CNN with Alternately Updated Clique
Inspired by ResNet and RNN, the authors present networks organised as a “clique”, a original way of connecting layers in order to optimise the information flow.
They further improve it by adding :
- a multi-scale approach
- a attention mechanism
The multi-scale approach is nothing fancy : the final prediction is performed from feature maps from three cliques which operate at different scales.
The optimization of a clique is more tricky as it requires a two-step approach :
- Stage I : the layers are initialized one after the other from the previous layers (starting with only the input).
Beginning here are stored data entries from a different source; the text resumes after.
(* Let $\mathbf P\in\mathbb{R}^{n\times n}$ be symmetric positive definite and $\mathbf c\in\mathbb{R}^n$, and let $\ell^*_{\mathbf c,\mathbf P}=\sup_{\beta\in\mathcal{I}_{\mathbf P}}\ell_{\mathbf c,\mathbf P}(\beta)$, with $\ell_{\mathbf c,\mathbf P}$ and $\mathcal{I}_{\mathbf P}$ as defined below. Then $$\mathcal{E}(\mathbf c,\mathbf P)\subseteq \operatorname{int}\mathcal{B}(\mathbf 0,1)\iff \ell^*_{\mathbf c,\mathbf P}>-1,$$ and $$\mathcal{E}(\mathbf c,\mathbf P)\Subset\mathcal{B}(\mathbf 0,1)\iff \ell^*_{\mathbf c,\mathbf P}=-1.$$
   Context: $\mathcal{E}(\mathbf c,\mathbf P)=\{\mathbf x\in\mathbb{R}^n:(\mathbf x-\mathbf c)^\top\mathbf P(\mathbf x-\mathbf c)\le 1\}$; $\mathcal{B}(\mathbf 0,1)=\{\mathbf x:\mathbf x^\top\mathbf x\le1\}$ and $\operatorname{int}\mathcal{B}(\mathbf 0,1)$ is the open unit ball. $\mathcal{E}\Subset\mathcal{E}_0$ means $\mathcal{E}\subseteq\mathcal{E}_0$ and $\partial\mathcal{E}\cap\partial\mathcal{E}_0\neq\emptyset$. Let $\mathbf P=\mathbf V\mathbf D\mathbf V^\top$ be a spectral decomposition with $\mathbf V$ orthogonal and $\mathbf D$ diagonal with entries $\lambda_i=D_{ii}$; let $\bar{\mathbf c}=\mathbf V^\top\mathbf c$, $S(\bar{\mathbf c})=\{i:\bar c_i\ne0\}$, and $\lambda_{\min}(\mathbf P)$ the smallest eigenvalue of $\mathbf P$. Set $\mathcal{I}_{\mathbf P}=(\lambda_{\min}(\mathbf P)^{-1},\infty)$ if some $i\in S(\bar{\mathbf c})$ has $\lambda_i=\lambda_{\min}(\mathbf P)$, and $\mathcal{I}_{\mathbf P}=[\lambda_{\min}(\mathbf P)^{-1},\infty)$ otherwise; and $\ell_{\mathbf c,\mathbf P}(\beta)=-\beta-\sum_{i\in S(\bar{\mathbf c})}\bar c_i^2\frac{\lambda_i\beta}{\lambda_i\beta-1}$ for $\beta\in\mathcal{I}_{\mathbf P}$. *)

theory Defs
  imports "HOL-Analysis.Analysis"
begin

definition sym_pos_def_mat :: "real^'n^'n \<Rightarrow> bool" where
  "sym_pos_def_mat P \<longleftrightarrow> transpose P = P \<and> (\<forall>x. x \<noteq> 0 \<longrightarrow> x \<bullet> (P *v x) > 0)"

definition diagonal_mat :: "real^'n^'n \<Rightarrow> bool" where
  "diagonal_mat D \<longleftrightarrow> (\<forall>i j. i \<noteq> j \<longrightarrow> D $ i $ j = 0)"

definition ellipsoid :: "real^'n \<Rightarrow> real^'n^'n \<Rightarrow> (real^'n) set" where
  "ellipsoid c P = {x. (x - c) \<bullet> (P *v (x - c)) \<le> 1}"

definition unit_ball :: "(real^'n) set" where
  "unit_ball = {x. x \<bullet> x \<le> 1}"

definition inscribed :: "(real^'n) set \<Rightarrow> (real^'n) set \<Rightarrow> bool" where
  "inscribed E E0 \<longleftrightarrow> E \<subseteq> E0 \<and> frontier E \<inter> frontier E0 \<noteq> {}"

definition mat_eigenvalues :: "real^'n^'n \<Rightarrow> real set" where
  "mat_eigenvalues P = {l. \<exists>v. v \<noteq> 0 \<and> P *v v = l *\<^sub>R v}"

definition lambda_min :: "real^'n^'n \<Rightarrow> real" where
  "lambda_min P = Min (mat_eigenvalues P)"

definition supp_cbar :: "real^'n^'n \<Rightarrow> real^'n \<Rightarrow> 'n set" where
  "supp_cbar V c = {i. (transpose V *v c) $ i \<noteq> 0}"

definition I_P :: "real^'n^'n \<Rightarrow> real^'n^'n \<Rightarrow> real^'n^'n \<Rightarrow> real^'n \<Rightarrow> real set" where
  "I_P P V D c = (if \<exists>i \<in> supp_cbar V c. D $ i $ i = lambda_min P
                  then {inverse (lambda_min P)<..} else {inverse (lambda_min P)..})"

definition ell :: "real^'n^'n \<Rightarrow> real^'n^'n \<Rightarrow> real^'n \<Rightarrow> real \<Rightarrow> real" where
  "ell V D c \<beta> = - \<beta> - (\<Sum>i \<in> supp_cbar V c.
      ((transpose V *v c) $ i)^2 * (D $ i $ i * \<beta> / (D $ i $ i * \<beta> - 1)))"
- Stage II : All layers are both inputs and outputs of the others and they are updated one at a time, alternatively.
Though it is never explicitly said, the first stage seems to go farther than initialization and that layers are first optimized in the first stage and then refined in the second.
The idea is that residual connections can be extrapolated as a RNN as they give “later” layers access to “earlier” (unprocessed) information. DenseNet, which consists in aggregating outputs of all previous layers as inputs, shows a rapid growth of parameters. To alleviate this, a clique structure recycles its weights.
CliqueNet with extra-techniques
The transition can be used to provide an attention feedback from higher levels to refine lower level activations by applying binary weights to filters:
They also use 1*1 convolutions to compress the input of a given clique and reduce the number of parameters (bottleneck effect).
The feature maps from a clique are forced to be reduced by half in number (compression).
Implementation details : They use three to four scales with cliques of 5 layers. Each layer contains 36 filters, use batchNorm and ReLu. Note : They strongly benefit from decaying the learning rate.
They apply their approach to classification problems : CIFAR 10/100, SVHN (Street View House Number) and ImageNet.
Without extra-techniques, they always outperform by a small margin DenseNet with fewer parameters and without data augmentation.
Observation : Attention and Compression always add a little something but the BottleNeck isn’t so consistent.
With extra-techniques, and CliqueNet with the highest capacity, the best scores can be obtained on all three datasets (but the comparison without extra-tech is not provided).
The same can be said when compared to ResNet on ImageNet.
Bonus : visualization
The second stage helps denoising the feature maps by extracting features focused on object of interests.